Riding is so much more fun when you are fit, I really am amazed at how weight lifting has helped me

I took a lot of what Dylan Johnson said to heart


----------



## TylerVernon (Nov 10, 2019)

The usual push/pull/leg cycle but leg day is cycling day.


----------



## Alias530 (Apr 1, 2013)

TylerVernon said:


> The usual push/pull/leg cycle but leg day is cycling day.

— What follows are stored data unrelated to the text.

theorem theorem5:
  fixes K :: "'m::finite set" and \<alpha> :: "'m \<Rightarrow> real"
    and \<Omega> \<Gamma> :: "(real^'m) set" and \<Gamma>k :: "'m \<Rightarrow> (real^'m) set"
    and \<phi> :: "real^'m \<Rightarrow> real" and \<tau> :: "'m \<Rightarrow> real^'m \<Rightarrow> real"
    and u1 u2 :: "real^'m \<Rightarrow> real"
  assumes m: "CARD('m) > 2"
    and K: "K \<noteq> {}"
    and alpha: "\<forall>k\<in>K. 0 < 2 * \<alpha> k \<and> 2 * \<alpha> k < 1"
    and dom: "open \<Omega>" "connected \<Omega>" "\<Omega> \<noteq> {}" "bounded \<Omega>" "\<Omega> \<subseteq> orthant K"
    and Gamma: "\<Gamma> = frontier \<Omega> \<inter> orthant K"
    and Gammak: "\<forall>k\<in>K. \<Gamma>k k = frontier \<Omega> \<inter> {x. x $ k = 0}"
    and bdry: "frontier \<Omega> \<subseteq> closure \<Gamma> \<union> (\<Union>k\<in>K. \<Gamma>k k)"
    and lyap: "lyapunov_surface K \<Gamma>"
    and phi: "continuous_on (closure \<Gamma>) \<phi>"
    and tau: "\<forall>k\<in>K. continuous_on (closure (\<Gamma>k k)) (\<tau> k)"
    and match: "\<forall>k\<in>K. \<forall>x\<in>closure \<Gamma> \<inter> closure (\<Gamma>k k). \<phi> x = \<tau> k x"
    and sol1: "regular_solution K \<alpha> \<Omega> u1" "continuous_on (closure \<Omega>) u1"
    and sol2: "regular_solution K \<alpha> \<Omega> u2" "continuous_on (closure \<Omega>) u2"
    and bc1: "\<forall>x\<in>closure \<Gamma>. u1 x = \<phi> x" "\<forall>k\<in>K. \<forall>x\<in>closure (\<Gamma>k k). u1 x = \<tau> k x"
    and bc2: "\<forall>x\<in>closure \<Gamma>. u2 x = \<phi> x" "\<forall>k\<in>K. \<forall>x\<in>closure (\<Gamma>k k). u2 x = \<tau> k x"
  shows "\<forall>x\<in>closure \<Omega>. u1 x = u2 x"
proof -
  have \<alpha>_nonneg: "\<forall>k\<in>K. 0 \<le> \<alpha> k"
    using alpha by force
  have "\<forall>x\<in>frontier \<Omega>. u1 x = u2 x"
  proof
    fix x
    assume "x \<in> frontier \<Omega>"
    then consider "x \<in> closure \<Gamma>" | k where "k \<in> K" "x \<in> closure (\<Gamma>k k)"
      using bdry closure_subset by blast
    then show "u1 x = u2 x"
      using bc1 bc2 by cases auto
  qed
  then show ?thesis
    using regular_solution_unique[OF dom(1,4) \<alpha>_nonneg sol1 sol2] by blast
qed

end
theorem theorem2p10:
  shows "\<exists>C::real. C > 0 \<and>
    (\<forall>A :: real set. finite A \<longrightarrow>
       (\<exists>A' \<subseteq> A. real (card A') \<ge> real (card A) / 2 \<and>
          (\<forall>a \<in> A'. real (card (sumprod_set A a)) \<ge>
              C * real (card A) powr (5/3) / (log 2 (real (card A))) powr (1/3))))"
proof (intro exI[of _ "1/2740"] conjI allI impI)
  fix A :: "real set" assume A: "finite A"
  define N where "N = real (card A)"
  show "\<exists>A' \<subseteq> A. real (card A) / 2 \<le> real (card A') \<and> (\<forall>a \<in> A'.
      1/2740 * real (card A) powr (5/3) / (log 2 (real (card A))) powr (1/3) \<le> real (card (sumprod_set A a)))"
  proof (cases "card A \<ge> 2")
    case True
    define M where "M = (N * (1 + ln N)) powr (1/3)"
    obtain A' where "A' \<subseteq> A" "N / 2 \<le> real (card A')"
      and large: "\<And>a. a \<in> A' \<Longrightarrow> N ^ 2 / (1370 * M) \<le> real (card (sumprod_set A a))"
      using large_sumprod_sets[OF A True] unfolding N_def M_def by blast
    moreover have "1/2740 * N powr (5/3) / (log 2 N) powr (1/3) \<le> N ^ 2 / (1370 * M)"
      using True by (intro cube_root_parameter_bound M_def) (simp add: N_def)
    ultimately show ?thesis unfolding N_def[symmetric] by (meson order_trans)
  next
    case False
    \<comment> \<open>then \<open>A = {}\<close> or \<open>log 2 (card A) = 0\<close>, and the division by zero makes the bound \<open>0\<close>\<close>
    then have "card A \<le> 1" by simp
    then show ?thesis by (intro exI[of _ A]) (auto simp: le_Suc_eq)
  qed
qed simp

end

Cycling doesn't hit all the muscles of the leg so you'll probably get imbalances if your only leg strain is from riding. If you don't get any pain/issues you're lucky but keep an eye on it. I went to multiple doctors, bike fits, etc for knee pain and they couldn't figure it out. Turns out I just had an imbalance (probably weak VMO or glutes) that went away once I started doing squats/deads.


----------



## Alias530 (Apr 1, 2013)

Crankout said:


> I take regular walks around my place of employment.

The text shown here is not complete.